Segment Open

lemma Xp_eq_preim_cyclic_subgroup:
  assumes p: "prime p" and Y: "Y \<in> Xp p"
  shows "\<exists>n H. n \<ge> 1 \<and> subgroup H (Zunits p n)
           \<and> cyclic_group (subgroup_generated (Zunits p n) H) \<and> Y = preim p n H"
proof -
  obtain a where Y: "Y = padic_top p closure_of powsN a" and a: "a \<in> coprimeN p" "a \<noteq> 1"
    using Y unfolding Xp_def by blast
  then have "a \<ge> 2" "\<not> p dvd a"
    by (simp_all add: coprimeN_def)
  obtain e j where j: "j \<ge> 1" "p = 2 \<longrightarrow> j \<ge> 2"
    and e: "int p ^ j dvd int a ^ e - 1" "\<not> int p ^ Suc j dvd int a ^ e - 1"
    using obtain_exact_dvd_pow_minus_one[OF p \<open>\<not> p dvd a\<close> \<open>a \<ge> 2\<close>] by blast
  define H where "H = generate (Zunits p j) {int a mod int p ^ j}"
  have unit: "int a mod int p ^ j \<in> carrier (Zunits p j)"
    using mod_in_carrier_Zunits[OF p j(1) \<open>\<not> p dvd a\<close>] .
  have "subgroup H (Zunits p j)"
    unfolding H_def using group.generate_is_subgroup[OF group_Zunits[OF p j(1)]] unit by simp
  moreover have "cyclic_group (subgroup_generated (Zunits p j) H)"
    using group.cyclic_group_subgroup_generated_iff[OF group_Zunits[OF p j(1)] calculation] unit H_def
    by blast
  moreover have "Y = preim p j H"
    unfolding Y H_def using padic_closure_powsN_eq_preim[OF p a(1) \<open>a \<ge> 2\<close> j e order_refl] .
  ultimately show ?thesis
    using j(1) by blast
qed

lemma preim_cyclic_subgroup_in_Xp:
  assumes p: "prime p" and n: "n \<ge> 1" and H: "subgroup H (Zunits p n)"
    and cyclic: "cyclic_group (subgroup_generated (Zunits p n) H)" and card: "card H \<ge> max p 3"
  shows "\<exists>a. a \<in> coprimeN p \<and> preim p n H = padic_top p closure_of powsN a
           \<and> padic_top p closure_of powsN a \<in> Xp p"
proof -
  obtain g where g: "g \<in> carrier (Zunits p n)" and H_g: "H = generate (Zunits p n) {g}"
    using group.cyclic_group_subgroup_generated_iff[OF group_Zunits[OF p n] H] cyclic by blast
  obtain a where a: "a \<in> coprimeN p" "a \<ge> 2" and a_mod: "int a mod int p ^ n = g"
    using obtain_coprimeN_representative[OF p n g] by blast
  then have "\<not> p dvd a"
    by (simp add: coprimeN_def)
  obtain e j where e_pos: "0 < e" and e_small: "e < max p 3" and j: "j \<ge> 1" "p = 2 \<longrightarrow> j \<ge> 2"
    and e: "int p ^ j dvd int a ^ e - 1" "\<not> int p ^ Suc j dvd int a ^ e - 1"
    using obtain_exact_dvd_pow_minus_one[OF p \<open>\<not> p dvd a\<close> a(2)] by blast
  \<comment> \<open>\<open>H\<close> has more than \<open>e\<close> elements, so \<open>a ^ e \<noteq> 1\<close> modulo \<open>p ^ n\<close>\<close>
  have "j < n"
  proof (rule ccontr)
    assume "\<not> j < n"
    then have "int p ^ n dvd int a ^ e - 1"
      using dvd_trans[OF le_imp_power_dvd e(1)] by simp
    then have "card H \<le> e"
      unfolding H_g a_mod[symmetric]
      using card_generate_Zunits_le[OF p n \<open>\<not> p dvd a\<close> _ e_pos] by (simp add: cong_iff_dvd_diff)
    then show False
      using card e_small by simp
  qed
  have "padic_top p closure_of powsN a = preim p n H"
    unfolding H_g a_mod[symmetric]
    using \<open>j < n\<close> by (intro padic_closure_powsN_eq_preim[OF p a j e]) simp
  moreover have "padic_top p closure_of powsN a \<in> Xp p"
    unfolding Xp_def using a by (intro CollectI exI[of _ a]) simp
  ultimately show ?thesis
    using a(1) by blast
qed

Segment Closed

= PROBLEM REQUIREMENTS =
I would like you to restate word for word the lines from the one with "using card_generate_Zunits_le[OF p" through the last line of the material above, and only those.

= TASK SOLUTION =
      using card_generate_Zunits_le[OF p n \<open>\<not> p dvd a\<close> _ e_pos] by (simp add: cong_iff_dvd_diff)
    then show False
      using card e_small by simp
  qed
  have "padic_top p closure_of powsN a = preim p n H"
    unfolding H_g a_mod[symmetric]
    using \<open>j < n\<close> by (intro padic_closure_powsN_eq_preim[OF p a j e]) simp
  moreover have "padic_top p closure_of powsN a \<in> Xp p"
    unfolding Xp_def using a by (intro CollectI exI[of _ a]) simp
  ultimately show ?thesis
    using a(1) by blast
qed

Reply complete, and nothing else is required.